少しすると、四柱ベッドや化粧台などの家具の配置が見て取れた。
「フランシス、わたくしよ。どこにいるの?」
ユーリアはフランシスの姿を探して、暗い部屋の中程まで進んだ。
部屋の中には、微かに甘い花のような香りが漂っていた。
(呼んでもすぐに飛んで来ないなんて。可哀想に、きっと獣化した姿をわたくしに見せるのを怖がっているのね)
部屋をぐるりと見渡すと、閉ざされた窓のカーテンが盛り上がり、裾からモフモフの脚としっぽがはみ出しているのに気がつく。
「フランシス?」
姫が名前を呼ぶと、嬉しさが隠し切れないしっぽが左右にゆっくりと振れている。
静かに近寄りカーテンを開けると、雄牛ほどのの大きさの犬が、頭を伏せ巨体を縮こまらせるようにして隠れていた。
ユーリアはフランシスの姿を見つけると愛おしさが込み上げて、モフモフの首に腕を回しぎゅっと抱きしめた。

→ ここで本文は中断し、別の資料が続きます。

lemma mode_plus_eqI:
  assumes q: "summable_probs q" "0 \<le> lam"
    and rise: "ebs_pmf_int lam q (int k - 1) \<le> ebs_pmf_int lam q (int k)"
    and descent: "ebs_pmf_int lam q (int k + 1) < ebs_pmf_int lam q (int k)"
  shows "mode_plus lam q = k"
proof -
  let ?f = "ebs_pmf_int lam q"
  have mode_iff: "((j = 0 \<or> ebs_pmf lam q (j - 1) \<le> ebs_pmf lam q j) \<and> ebs_pmf lam q j > ebs_pmf lam q (Suc j))
      \<longleftrightarrow> ?f (int j - 1) \<le> ?f (int j) \<and> ?f (int j + 1) < ?f (int j)" for j
  proof (cases "j = 0")
    case True
    then show ?thesis using ebs_pmf_int_nonneg[OF q, of 0] by (simp add: ebs_pmf_int_def)
  qed (simp add: ebs_pmf_int_minus_1)
  have unique: "j = k" if "?f (int j - 1) \<le> ?f (int j)" "?f (int j + 1) < ?f (int j)" for j
  proof -
    have "\<not> j < k"
      using ebs_pmf_int_rise_after_descent_eq_0[OF q _ that(2) rise] descent ebs_pmf_int_nonneg[OF q, of "int k + 1"]
      by fastforce
    moreover have "\<not> k < j"
      using ebs_pmf_int_rise_after_descent_eq_0[OF q _ descent that(1)] that(2) ebs_pmf_int_nonneg[OF q, of "int j + 1"]
      by fastforce
    ultimately show ?thesis by simp
  qed
  show ?thesis
    unfolding mode_plus_def
  proof (rule the_equality)
    show "(k = 0 \<or> ebs_pmf lam q (k - 1) \<le> ebs_pmf lam q k) \<and> ebs_pmf lam q k > ebs_pmf lam q (Suc k)"
      using rise descent mode_iff[of k] by blast
  next
    fix j assume "(j = 0 \<or> ebs_pmf lam q (j - 1) \<le> ebs_pmf lam q j) \<and> ebs_pmf lam q j > ebs_pmf lam q (Suc j)"
    then show "j = k" using unique mode_iff[of j] by blast
  qed
qed

lemma mode_plus_le:
  assumes q: "summable_probs q" "0 \<le> lam"
    and descent: "ebs_pmf_int lam q (int j + 1) < ebs_pmf_int lam q (int j)"
  shows "mode_plus lam q \<le> j"
proof -
  let ?f = "ebs_pmf_int lam q"
  define j0 where "j0 = (LEAST j. ?f (int j + 1) < ?f (int j))"
  have "?f (int j0 + 1) < ?f (int j0)" "j0 \<le> j"
    unfolding j0_def using descent by (auto intro: LeastI Least_le)
  moreover have "?f (int j0 - 1) \<le> ?f (int j0)"
  proof (cases "j0 = 0")
    case True
    then show ?thesis using ebs_pmf_int_nonneg[OF q, of 0] by (simp add: ebs_pmf_int_def)
  next
    case False
    then have "\<not> ?f (int (j0 - 1) + 1) < ?f (int (j0 - 1))"
      unfolding j0_def by (intro not_less_Least) simp
    then show ?thesis using False by (simp add: of_nat_diff)
  qed
  ultimately show ?thesis using mode_plus_eqI[OF q] by simp
qed

lemma mode_minus_eq_mode_plus:
  "mode_plus lam q = k \<Longrightarrow> ebs_pmf_int lam q (int k - 1) \<noteq> ebs_pmf_int lam q (int k) \<Longrightarrow> mode_minus lam q = k"
  by (auto simp: mode_minus_def Let_def ebs_pmf_int_minus_1)

lemma mode_minus_eq_pred:
  "mode_plus lam q = k \<Longrightarrow> 0 < k \<Longrightarrow> ebs_pmf_int lam q (int k - 1) = ebs_pmf_int lam q (int k)
    \<Longrightarrow> mode_minus lam q = k - 1"
  by (auto simp: mode_minus_def Let_def ebs_pmf_int_minus_1)

lemma mode_minus_le_mode_plus: "mode_minus lam q \<le> mode_plus lam q"
  by (simp add: mode_minus_def Let_def)

lemma mode_plus_le_Suc_mode_minus: "mode_plus lam q \<le> Suc (mode_minus lam q)"
  by (simp add: mode_minus_def Let_def)

lemma mode_plus_upd_0_le:
  assumes p: "in_nabla lam p" and mean: "lam + suminf p < real k + 1"
  shows "mode_plus lam (p(0 := 0)) \<le> k"
proof -
  let ?q = "p(0 := 0)"
  define e where "e = min 1 ((real k + 1 - (lam + suminf p)) / 2)"
  define c where "c = max (p 0) e"
  have q: "summable_probs ?q" "0 \<le> lam"
    using summable_probs_upd_0 in_nablaD(1,2)[OF p] by auto
  have p0: "0 \<le> p 0" "p 0 \<le> 1" "summable p"
    using in_nablaD(1)[OF p] by (auto simp: summable_probs_def)
  have e: "0 < e" "e \<le> 1" "e \<le> (real k + 1 - (lam + suminf p)) / 2"
    using mean by (auto simp: e_def min_def)
  then have "0 < c" "c \<le> 1"
    using p0 by (auto simp: c_def less_max_iff_disj)
  moreover have "\<forall>i. ?q i \<le> c"
  proof
    fix i
    have "?q i \<le> p 0"
      using in_nablaD(3)[OF p, of 0 i] p0 by auto
    then show "?q i \<le> c" by (simp add: c_def le_max_iff_disj)
  qed
  moreover have "lam + suminf ?q + c < of_nat k + 1"
    using mean p0 e by (simp add: c_def suminf_upd_0 max_def)
  ultimately obtain j where "j \<le> k" "ebs_pmf_int lam ?q (int j + 1) < ebs_pmf_int lam ?q (int j)"
    using ebs_pmf_int_exists_descent[OF q] by blast
  then show ?thesis using mode_plus_le[OF q] by fastforce
qed

text \<open>Past the mean the law decreases strictly wherever it is positive (take \<open>c = 1\<close>), which
  bounds the mode by \<open>k + 1\<close>.\<close>
lemma mode_bounds_noninteger_mean:
  assumes p: "in_nabla lam p" and mean: "real k < lam + suminf p" "lam + suminf p < real k + 1"
  shows "k \<le> mode_minus lam p" "mode_plus lam p \<le> k + 1"
proof -
  let ?f = "ebs_pmf_int lam p"
  note q = in_nablaD(1,2)[OF p]
  have rise: "?f (int k - 1) < ?f (int k)"
    using ebs_pmf_int_strict_rise[OF q mean] .
  have "k \<le> mode_minus lam p \<and> mode_plus lam p \<le> k + 1"
  proof (cases "?f (int k + 1) < ?f (int k)")
    case True
    then have "mode_plus lam p = k"
      using mode_plus_eqI[OF q] rise by simp
    moreover have "mode_minus lam p = k"
      using mode_minus_eq_mode_plus[OF calculation] rise by simp
    ultimately show ?thesis by simp
  next
    case False
    then have "0 < ?f (int k + 1)"
      using ebs_pmf_int_pos[OF q, of k] mean by simp
    then have "ebs_pmf lam p (Suc (Suc k)) < ebs_pmf lam p (Suc k)"
      using ebs_pmf_int_strict_descent[OF q, of 1 "int (Suc k)"] ebs_pmf_int_of_nat[of lam p "Suc (Suc k)"]
        q(1) mean by (simp add: summable_probs_def)
    then have "mode_plus lam p = Suc k"
      using mode_plus_eqI[OF q, of "Suc k"] False by (simp add: ebs_pmf_int_minus_1 del: of_nat_Suc)
    then show ?thesis
      using mode_plus_le_Suc_mode_minus[of lam p] by simp
  qed
  then show "k \<le> mode_minus lam p" "mode_plus lam p \<le> k + 1" by auto
qed

lemma mode_integer_mean:
  assumes p: "in_nabla lam p" and mean: "lam + suminf p = real k"
    and not_shifted: "\<not> (\<exists>a<k. lam = real k - real a \<and> (\<forall>i. p i = (if i < a then 1 else 0)))"
  shows "mode_plus lam p = k" "mode_minus lam p = k"
proof -
  have rise: "ebs_pmf_int lam p (int k - 1) < ebs_pmf_int lam p (int k)"
    using ebs_pmf_int_strict_rise_at_integer_mean[OF assms] .
  show "mode_plus lam p = k"
    using mode_plus_eqI[OF in_nablaD(1,2)[OF p] less_imp_le[OF rise]]
      ebs_pmf_int_strict_descent_at_mean[OF p mean] by simp
  then show "mode_minus lam p = k"
    using mode_minus_eq_mode_plus rise by simp
qed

「もう、大丈夫よ。ふたりで一緒に居れば、何も怖くないのだもの」
昔、まだユーリアが小さな子供だった頃のことを、ふたりは思い出す。
嵐の日に雷が沢山鳴って、モフモフの子犬のフランシスとユーリアは怯えてベッドの下に隠れた。
モフモフの身体は温かく毛皮は心地よく、また姫の花のような香りに包まれてフランシスは安心し、お陰でふたりとも稲光と雷鳴の恐ろしさが和らいだのだった。
「くぅぅん、くぅぅぅん」
フランシスは悲し気に鳴きながら、湿った鼻面を姫に擦りつけた。
ユーリアは大きなモフモフの身体を撫で、フランシスはしっぽをパタパタさせながら姫の顔を舐めた。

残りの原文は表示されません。